The Office of the National Security Commission is the administrative agency of the National Security Commission, a policy formulation body of the Central Committee of the Chinese Communist Party (CCP) responsible for coordinating national security decision-making. It is the permanent body of the commission, and handles its day-to-day administrative operations.

== History ==
In September 2000, the CCP Central Committee decided to establish a Central National Security Leading Group co-located with the Central Foreign Affairs Leading Group, with one organization and two names. Jiang Zemin, General Secretary of the CCP Central Committee, was appointed as the group leader, Qian Qichen, Vice Premier of the State Council, was appointed as the deputy group leader, and Liu Huaqiu, former Director of the State Council Foreign Affairs Office, was appointed as the Director of the Office of the Central Foreign Affairs Leading Group and the Office of the Central National Security Leading Group.
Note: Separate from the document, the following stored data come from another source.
lemma tendsto_power_expectation_iexp_ln_ratio:
  "(\<lambda>n. measure_pmf.expectation (binomial_pmf n p) (\<lambda>k. iexp (t * ln (real k / (real n * p)))) ^ n)
     \<longlonglongrightarrow> exp (\<i> * complex_of_real (t * (- (1 - p) / (2 * p))) -
                complex_of_real ((sqrt ((1 - p) / p) * t)\<^sup>2 / 2))"
proof (rule tendsto_power_of_n_times_diff_one)
  let ?E = "\<lambda>n. measure_pmf.expectation (binomial_pmf n p)"
  let ?g = "\<lambda>n k. ln (real k / (real n * p))"
  define z where "z n = ?E n (\<lambda>k. iexp (t * ?g n k))" for n
  define q where "q n = 1 + \<i> * complex_of_real (t * ?E n (?g n)) -
      complex_of_real (t\<^sup>2 * ?E n (\<lambda>k. (?g n k)\<^sup>2) / 2)" for n
  show "norm (z n) \<le> 1" for n
    unfolding z_def using integral_norm_bound[of "binomial_pmf n p" "\<lambda>k. iexp (t * ?g n k)"]
    by (simp add: norm_exp_i_times measure_pmf.prob_space)
  have "(\<lambda>n. norm (of_nat n * (z n - q n))) \<longlonglongrightarrow> 0"
  proof (rule Lim_null_comparison)
    show "\<forall>\<^sub>F n in sequentially. norm (norm (of_nat n * (z n - q n))) \<le>
        \<bar>t\<bar> ^ 3 / 6 * (n * ?E n (\<lambda>k. \<bar>?g n k\<bar> ^ 3))"
    proof (intro always_eventually allI)
      fix n
      have "norm (z n - q n) \<le> \<bar>t\<bar> ^ 3 / 6 * ?E n (\<lambda>k. \<bar>?g n k\<bar> ^ 3)"
        unfolding z_def q_def by (rule expectation_iexp_second_order_approx) (simp add: finite_set_pmf_binomial_pmf)
      then have "n * norm (z n - q n) \<le> n * (\<bar>t\<bar> ^ 3 / 6 * ?E n (\<lambda>k. \<bar>?g n k\<bar> ^ 3))"
        by (rule mult_left_mono) simp
      then show "norm (norm (of_nat n * (z n - q n))) \<le> \<bar>t\<bar> ^ 3 / 6 * (n * ?E n (\<lambda>k. \<bar>?g n k\<bar> ^ 3))"
        by (simp add: norm_mult mult.left_commute)
    qed
    show "(\<lambda>n. \<bar>t\<bar> ^ 3 / 6 * (n * ?E n (\<lambda>k. \<bar>?g n k\<bar> ^ 3))) \<longlonglongrightarrow> 0"
      using tendsto_mult_right_zero[OF tendsto_n_times_expectation_abs_ln_ratio_cube] by simp
  qed
  then have "(\<lambda>n. of_nat n * (z n - q n) +
        (\<i> * complex_of_real (t * (n * ?E n (?g n))) -
         complex_of_real (t\<^sup>2 * (n * ?E n (\<lambda>k. (?g n k)\<^sup>2)) / 2)))
      \<longlonglongrightarrow> 0 + (\<i> * complex_of_real (t * (- (1 - p) / (2 * p))) -
                 complex_of_real (t\<^sup>2 * ((1 - p) / p) / 2))"
    by (intro tendsto_intros tendsto_n_times_expectation_ln_ratio
        tendsto_n_times_expectation_ln_ratio_square) (simp_all add: tendsto_norm_zero_iff)
  moreover have "of_nat n * (z n - q n) +
        (\<i> * complex_of_real (t * (n * ?E n (?g n))) -
         complex_of_real (t\<^sup>2 * (n * ?E n (\<lambda>k. (?g n k)\<^sup>2)) / 2)) = of_nat n * (z n - 1)" for n
    unfolding q_def by (simp add: algebra_simps)
  moreover have "(sqrt ((1 - p) / p) * t)\<^sup>2 = t\<^sup>2 * ((1 - p) / p)"
    using p_pos p_less_1 by (simp add: power_mult_distrib)
  ultimately show "(\<lambda>n. of_nat n * (z n - 1)) \<longlonglongrightarrow>
      \<i> * complex_of_real (t * (- (1 - p) / (2 * p))) - complex_of_real ((sqrt ((1 - p) / p) * t)\<^sup>2 / 2)"
    by simp
qed
theorem lemma7:
  fixes a b c d :: "'a::ring_1"
  defines "A \<equiv> matA a b c d"
  shows "((all_sub_inv A 1 \<and> all_sub_inv A 2) \<longleftrightarrow>
           (is_unit a \<and> is_unit b \<and> is_unit c \<and> is_unit d \<and>
            is_unit (a - 1) \<and> is_unit (b - 1) \<and> is_unit (c - 1) \<and> is_unit (d - 1) \<and>
            is_unit (d - c) \<and> is_unit (d - b) \<and> is_unit (c - a) \<and> is_unit (b - a) \<and>
            is_unit (d * uinv b - c * uinv a)))
       \<and> ((all_sub_inv A 1 \<and> all_sub_inv A 2) \<longrightarrow>
           (mat_invertible 3 A \<longleftrightarrow>
              is_unit (uinv (d - c) * (c - 1) - uinv (b - a) * (a - 1)))
         \<and> (mat_invertible 3 (J2 A) \<longleftrightarrow>
              is_unit ((c - 1) * uinv (d - c) * d - (a - 1) * uinv (b - a) * b)))
       \<and> (A \<in> hat_S \<longleftrightarrow>
           (is_unit a \<and> is_unit b \<and> is_unit c \<and> is_unit d \<and>
            is_unit (a - 1) \<and> is_unit (b - 1) \<and> is_unit (c - 1) \<and> is_unit (d - 1) \<and>
            is_unit (d - c) \<and> is_unit (d - b) \<and> is_unit (c - a) \<and> is_unit (b - a) \<and>
            is_unit (d * uinv b - c * uinv a) \<and>
            is_unit (uinv (d - c) * (c - 1) - uinv (b - a) * (a - 1)) \<and>
            is_unit ((c - 1) * uinv (d - c) * d - (a - 1) * uinv (b - a) * b)))"
proof -
  note all_sub_inv_matA_iff[of a b c d, folded A_def]
  moreover have "(all_sub_inv A 1 \<and> all_sub_inv A 2) \<longrightarrow>
      (mat_invertible 3 A \<longleftrightarrow> is_unit (uinv (d - c) * (c - 1) - uinv (b - a) * (a - 1)))
      \<and> (mat_invertible 3 (J2 A) \<longleftrightarrow>
           is_unit ((c - 1) * uinv (d - c) * d - (a - 1) * uinv (b - a) * b))"
    unfolding A_def all_sub_inv_matA_iff
    by (simp add: mat_invertible_matA_iff_is_unit mat_invertible_J2_matA_iff_is_unit)
  moreover have "A \<in> hat_S \<longleftrightarrow>
      (all_sub_inv A 1 \<and> all_sub_inv A 2) \<and> mat_invertible 3 A \<and> mat_invertible 3 (J2 A)"
    unfolding hat_S_iff A_def using matA_in_hat_M3 by blast
  ultimately show ?thesis by argo
qed

end
(* Let $(X,d_X,\mu,T)$ and $(Y,d_Y,\nu,S)$ be compact metric measure-preserving systems with anchor sequences $(a_r)$ dense in $\operatorname{supp}\mu$ and $(b_r)$ dense in $\operatorname{supp}\nu$, and fix $p\ge1$. Then $\widetilde{\mathrm{Dep}}_{n,m,R,p}(X,Y)=0$ for all $n,m,R\ge1$ if and only if the systems are disjoint, i.e. $\mathcal J(T,S)=\{\mu\otimes\nu\}$.
   Context: A compact metric measure-preserving system $(X,d_X,\mu,T)$: $(X,d_X)$ compact metric, $\mu$ Borel probability, $T$ Borel with $T_\#\mu=\mu$. $\mathcal J(T,S)$: Borel probability measures on $X\times Y$ with marginals $\mu,\nu$ invariant under $T\times S$. For $z_i=(x_i,y_i)$, $\mathcal D^X_{n,m}=(d_X(T^ax_i,T^bx_j))_{1\le i,j\le n,0\le a,b<m}$, $\widetilde{\mathcal D}^X_{n,m,R}=(\mathcal D^X_{n,m},(d_X(T^ax_i,a_r))_{1\le i\le n,0\le a<m,1\le r\le R})$, and $\widetilde{\mathcal D}^Y_{n,m,R}$ analogously with $d_Y,S,b_r$; $\widetilde\Phi_{n,m,R}(\lambda)=\mathrm{Law}_{\lambda^{\otimes n}}(\widetilde{\mathcal D}^X_{n,m,R},\widetilde{\mathcal D}^Y_{n,m,R})$. $W_p$ is the $p$-Wasserstein distance on probability measures on the finite array cube with a fixed product Euclidean metric, and $\widetilde{\mathrm{Dep}}_{n,m,R,p}(X,Y)=\sup_{\lambda\in\mathcal J(T,S)}W_p(\widetilde\Phi_{n,m,R}(\lambda),\widetilde\Phi_{n,m,R}(\mu\otimes\nu))$. *)

theory Defs
  imports "HOL-Probability.Probability"
begin

definition cmmps :: "'a::metric_space measure \<Rightarrow> ('a \<Rightarrow> 'a) \<Rightarrow> bool" where
  "cmmps M T \<longleftrightarrow> compact (UNIV :: 'a set) \<and> prob_space M \<and> sets M = sets borel
     \<and> T \<in> borel_measurable borel \<and> distr M borel T = M"

definition supp :: "'a::topological_space measure \<Rightarrow> 'a set" where
  "supp M = {x. \<forall>U. open U \<and> x \<in> U \<longrightarrow> emeasure M U > 0}"

definition joinings :: "'a::metric_space measure \<Rightarrow> 'b::metric_space measure
    \<Rightarrow> ('a \<Rightarrow> 'a) \<Rightarrow> ('b \<Rightarrow> 'b) \<Rightarrow> ('a \<times> 'b) measure set" where
  "joinings M N T S = {L. prob_space L \<and> sets L = sets (borel \<Otimes>\<^sub>M borel)
     \<and> distr L borel fst = M \<and> distr L borel snd = N
     \<and> distr L L (map_prod T S) = L}"

datatype aidx = DX nat nat nat nat | AX nat nat nat | DY nat nat nat nat | AY nat nat nat

definition aidx_set :: "nat \<Rightarrow> nat \<Rightarrow> nat \<Rightarrow> aidx set" where
  "aidx_set n m R =
     {DX i j a b | i j a b. i \<in> {1..n} \<and> j \<in> {1..n} \<and> a < m \<and> b < m}
   \<union> {AX i a r | i a r. i \<in> {1..n} \<and> a < m \<and> r \<in> {1..R}}
   \<union> {DY i j a b | i j a b. i \<in> {1..n} \<and> j \<in> {1..n} \<and> a < m \<and> b < m}
   \<union> {AY i a r | i a r. i \<in> {1..n} \<and> a < m \<and> r \<in> {1..R}}"

definition dep_array :: "nat \<Rightarrow> nat \<Rightarrow> nat \<Rightarrow> ('a::metric_space \<Rightarrow> 'a) \<Rightarrow> ('b::metric_space \<Rightarrow> 'b)
    \<Rightarrow> (nat \<Rightarrow> 'a) \<Rightarrow> (nat \<Rightarrow> 'b) \<Rightarrow> (nat \<Rightarrow> 'a \<times> 'b) \<Rightarrow> aidx \<Rightarrow> real" where
  "dep_array n m R T S as bs z = restrict (\<lambda>k. case k of
       DX i j a b \<Rightarrow> dist ((T ^^ a) (fst (z i))) ((T ^^ b) (fst (z j)))
     | AX i a r \<Rightarrow> dist ((T ^^ a) (fst (z i))) (as r)
     | DY i j a b \<Rightarrow> dist ((S ^^ a) (snd (z i))) ((S ^^ b) (snd (z j)))
     | AY i a r \<Rightarrow> dist ((S ^^ a) (snd (z i))) (bs r)) (aidx_set n m R)"

definition array_law :: "nat \<Rightarrow> nat \<Rightarrow> nat \<Rightarrow> ('a::metric_space \<Rightarrow> 'a) \<Rightarrow> ('b::metric_space \<Rightarrow> 'b)
    \<Rightarrow> (nat \<Rightarrow> 'a) \<Rightarrow> (nat \<Rightarrow> 'b) \<Rightarrow> ('a \<times> 'b) measure \<Rightarrow> (aidx \<Rightarrow> real) measure" where
  "array_law n m R T S as bs L =
     distr (PiM {1..n} (\<lambda>_. L)) (PiM (aidx_set n m R) (\<lambda>_. borel)) (dep_array n m R T S as bs)"

definition eucl_dist :: "'i set \<Rightarrow> ('i \<Rightarrow> real) \<Rightarrow> ('i \<Rightarrow> real) \<Rightarrow> real" where
  "eucl_dist I u v = sqrt (\<Sum>k\<in>I. (u k - v k)^2)"

definition couplings :: "'i set \<Rightarrow> ('i \<Rightarrow> real) measure \<Rightarrow> ('i \<Rightarrow> real) measure
    \<Rightarrow> (('i \<Rightarrow> real) \<times> ('i \<Rightarrow> real)) measure set" where
  "couplings I P Q = {C. prob_space C
     \<and> sets C = sets (PiM I (\<lambda>_. borel) \<Otimes>\<^sub>M PiM I (\<lambda>_. borel))
     \<and> distr C (PiM I (\<lambda>_. borel)) fst = P \<and> distr C (PiM I (\<lambda>_. borel)) snd = Q}"

definition wasserstein :: "real \<Rightarrow> 'i set \<Rightarrow> ('i \<Rightarrow> real) measure \<Rightarrow> ('i \<Rightarrow> real) measure \<Rightarrow> real" where
  "wasserstein p I P Q =
     (enn2real (INF C \<in> couplings I P Q.
        \<integral>\<^sup>+ w. ennreal (eucl_dist I (fst w) (snd w) powr p) \<partial>C)) powr (1 / p)"

definition Dep :: "nat \<Rightarrow> nat \<Rightarrow> nat \<Rightarrow> real \<Rightarrow> 'a::metric_space measure \<Rightarrow> 'b::metric_space measure
    \<Rightarrow> ('a \<Rightarrow> 'a) \<Rightarrow> ('b \<Rightarrow> 'b) \<Rightarrow> (nat \<Rightarrow> 'a) \<Rightarrow> (nat \<Rightarrow> 'b) \<Rightarrow> real" where
  "Dep n m R p M N T S as bs =
     (SUP L \<in> joinings M N T S. wasserstein p (aidx_set n m R)
        (array_law n m R T S as bs L) (array_law n m R T S as bs (M \<Otimes>\<^sub>M N)))"

end

(*
  If the systems are disjoint, the only joining is the product measure, which is at Wasserstein
  distance 0 from itself.  Conversely, let all Dep vanish and let L be a joining.  Already for one
  point and no time shift (n = m = 1) the array law of L is at Wasserstein distance 0 from that of
  the product measure.  The anchor entries of the array are the distances of x and y to the anchors,
  so by Markov's inequality couplings of small transport cost show that L gives at most as much mass
  as the product to every product of finite intersections of anchor balls with radii shrunk by
  delta; letting delta tend to 0 and using symmetry, the two measures agree on these rectangles.
  They form an intersection-stable family, and since the anchors are dense in the supports, the
  sigma-algebra they generate contains every Borel rectangle up to sets that are null for the
  marginals, hence for every joining.  So L is the product measure.
*)
theory Submission
  imports Defs
begin

lemma distr_pair_measure_marginals:
  assumes "prob_space M" "prob_space N" "sets M' = sets M" "sets N' = sets N"
  shows "distr (M \<Otimes>\<^sub>M N) M' fst = M" "distr (M \<Otimes>\<^sub>M N) N' snd = N"
proof -
  interpret M: prob_space M by fact
  interpret N: prob_space N by fact
  have "distr (M \<Otimes>\<^sub>M N) M' fst = distr (M \<Otimes>\<^sub>M N) M fst"
    using assms by (intro distr_cong) auto
  then show "distr (M \<Otimes>\<^sub>M N) M' fst = M"
    using N.distr_pair_fst by simp
  show "distr (M \<Otimes>\<^sub>M N) N' snd = N"
  proof (rule measure_eqI)
    fix A assume "A \<in> sets (distr (M \<Otimes>\<^sub>M N) N' snd)"
    then have A: "A \<in> sets N"
      using assms by simp
    then have "emeasure (distr (M \<Otimes>\<^sub>M N) N' snd) A = emeasure (M \<Otimes>\<^sub>M N) (space M \<times> A)"
      using assms by (auto simp: emeasure_distr space_pair_measure dest: sets.sets_into_space
          intro!: arg_cong2[where f=emeasure])
    with A show "emeasure (distr (M \<Otimes>\<^sub>M N) N' snd) A = emeasure N A"
      by (simp add: N.emeasure_pair_measure_Times M.emeasure_space_1)
  qed (use assms in simp)
qed

lemma prob_space_emeasure_eq_on_sigma_sets:
  assumes K1: "prob_space K1" "space K1 = \<Omega>" "E \<subseteq> sets K1"
    and K2: "prob_space K2" "space K2 = \<Omega>" "E \<subseteq> sets K2"
    and E: "Int_stable E" "\<And>X. X \<in> E \<Longrightarrow> emeasure K1 X = emeasure K2 X"
    and X: "X \<in> sigma_sets \<Omega> E"
  shows "emeasure K1 X = emeasure K2 X"
proof -
  interpret K1: prob_space K1 by (rule K1(1))
  interpret K2: prob_space K2 by (rule K2(1))
  have sigma: "sigma_sets \<Omega> E \<subseteq> sets K1" "sigma_sets \<Omega> E \<subseteq> sets K2"
    using sets.sigma_sets_subset[of E K1] sets.sigma_sets_subset[of E K2] K1 K2
    by auto
  have "E \<subseteq> Pow \<Omega>" using K1(2,3) sets.sets_into_space by blast
  from E(1) this X show ?thesis
  proof (induction rule: sigma_sets_induct_disjoint)
    case (basic A)
    then show ?case by (rule E(2))
  next
    case (compl A)
    have A: "A \<in> sets K1" "A \<in> sets K2"
      using compl(1) sigma by blast+
    have "emeasure K1 (\<Omega> - A) = 1 - emeasure K1 A"
      unfolding K1(2)[symmetric] using A(1) by (simp add: emeasure_compl K1.emeasure_space_1)
    also have "\<dots> = 1 - emeasure K2 A"
      using compl(2) by simp
    also have "\<dots> = emeasure K2 (\<Omega> - A)"
      unfolding K2(2)[symmetric] using A(2) by (simp add: emeasure_compl K2.emeasure_space_1)
    finally show ?case .
  next
    case (union A)
    have A: "range A \<subseteq> sets K1" "range A \<subseteq> sets K2"
      using union(2) sigma by blast+
    have "emeasure K1 (\<Union>i. A i) = (\<Sum>i. emeasure K1 (A i))"
      by (rule suminf_emeasure[symmetric, OF A(1) union(1)])
    also have "\<dots> = (\<Sum>i. emeasure K2 (A i))"
      using union(3) by simp
    also have "\<dots> = emeasure K2 (\<Union>i. A i)"
      by (rule suminf_emeasure[OF A(2) union(1)])
    finally show ?case .
  qed simp
qed

subsection \<open>Couplings and the Wasserstein distance\<close>

definition transport_cost :: "real \<Rightarrow> 'i set \<Rightarrow> (('i \<Rightarrow> real) \<times> ('i \<Rightarrow> real)) measure \<Rightarrow> ennreal"
  where "transport_cost p I C = (\<integral>\<^sup>+ w. ennreal (eucl_dist I (fst w) (snd w) powr p) \<partial>C)"

lemma wasserstein_transport_cost:
  "wasserstein p I P Q = enn2real (INF C \<in> couplings I P Q. transport_cost p I C) powr (1 / p)"
  unfolding wasserstein_def transport_cost_def ..

lemma wasserstein_nonneg: "0 \<le> wasserstein p I P Q"
  by (simp add: wasserstein_def)

lemma eucl_dist_nonneg: "0 \<le> eucl_dist I u v"
  by (simp add: eucl_dist_def sum_nonneg)

lemma eucl_dist_commute: "eucl_dist I u v = eucl_dist I v u"
  unfolding eucl_dist_def by (simp add: power2_commute)

lemma abs_le_eucl_dist:
  assumes "finite I" "k \<in> I"
  shows "\<bar>u k - v k\<bar> \<le> eucl_dist I u v"
proof -
  have "(u k - v k)\<^sup>2 \<le> (\<Sum>j\<in>I. (u j - v j)\<^sup>2)"
    using assms by (intro member_le_sum) auto
  then have "sqrt ((u k - v k)\<^sup>2) \<le> sqrt (\<Sum>j\<in>I. (u j - v j)\<^sup>2)"
    by (rule real_sqrt_le_mono)
  then show ?thesis
    unfolding eucl_dist_def by simp
qed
After the establishment of the Central National Security Commission and its Office in 2014, the Central Foreign Affairs Leading Group no longer retained the name of the Central National Security Leading Group. The Office of the Central Foreign Affairs Leading Group also no longer retained the name of the Central National Security Leading Group Office and was renamed the Office of the Central National Security Commission.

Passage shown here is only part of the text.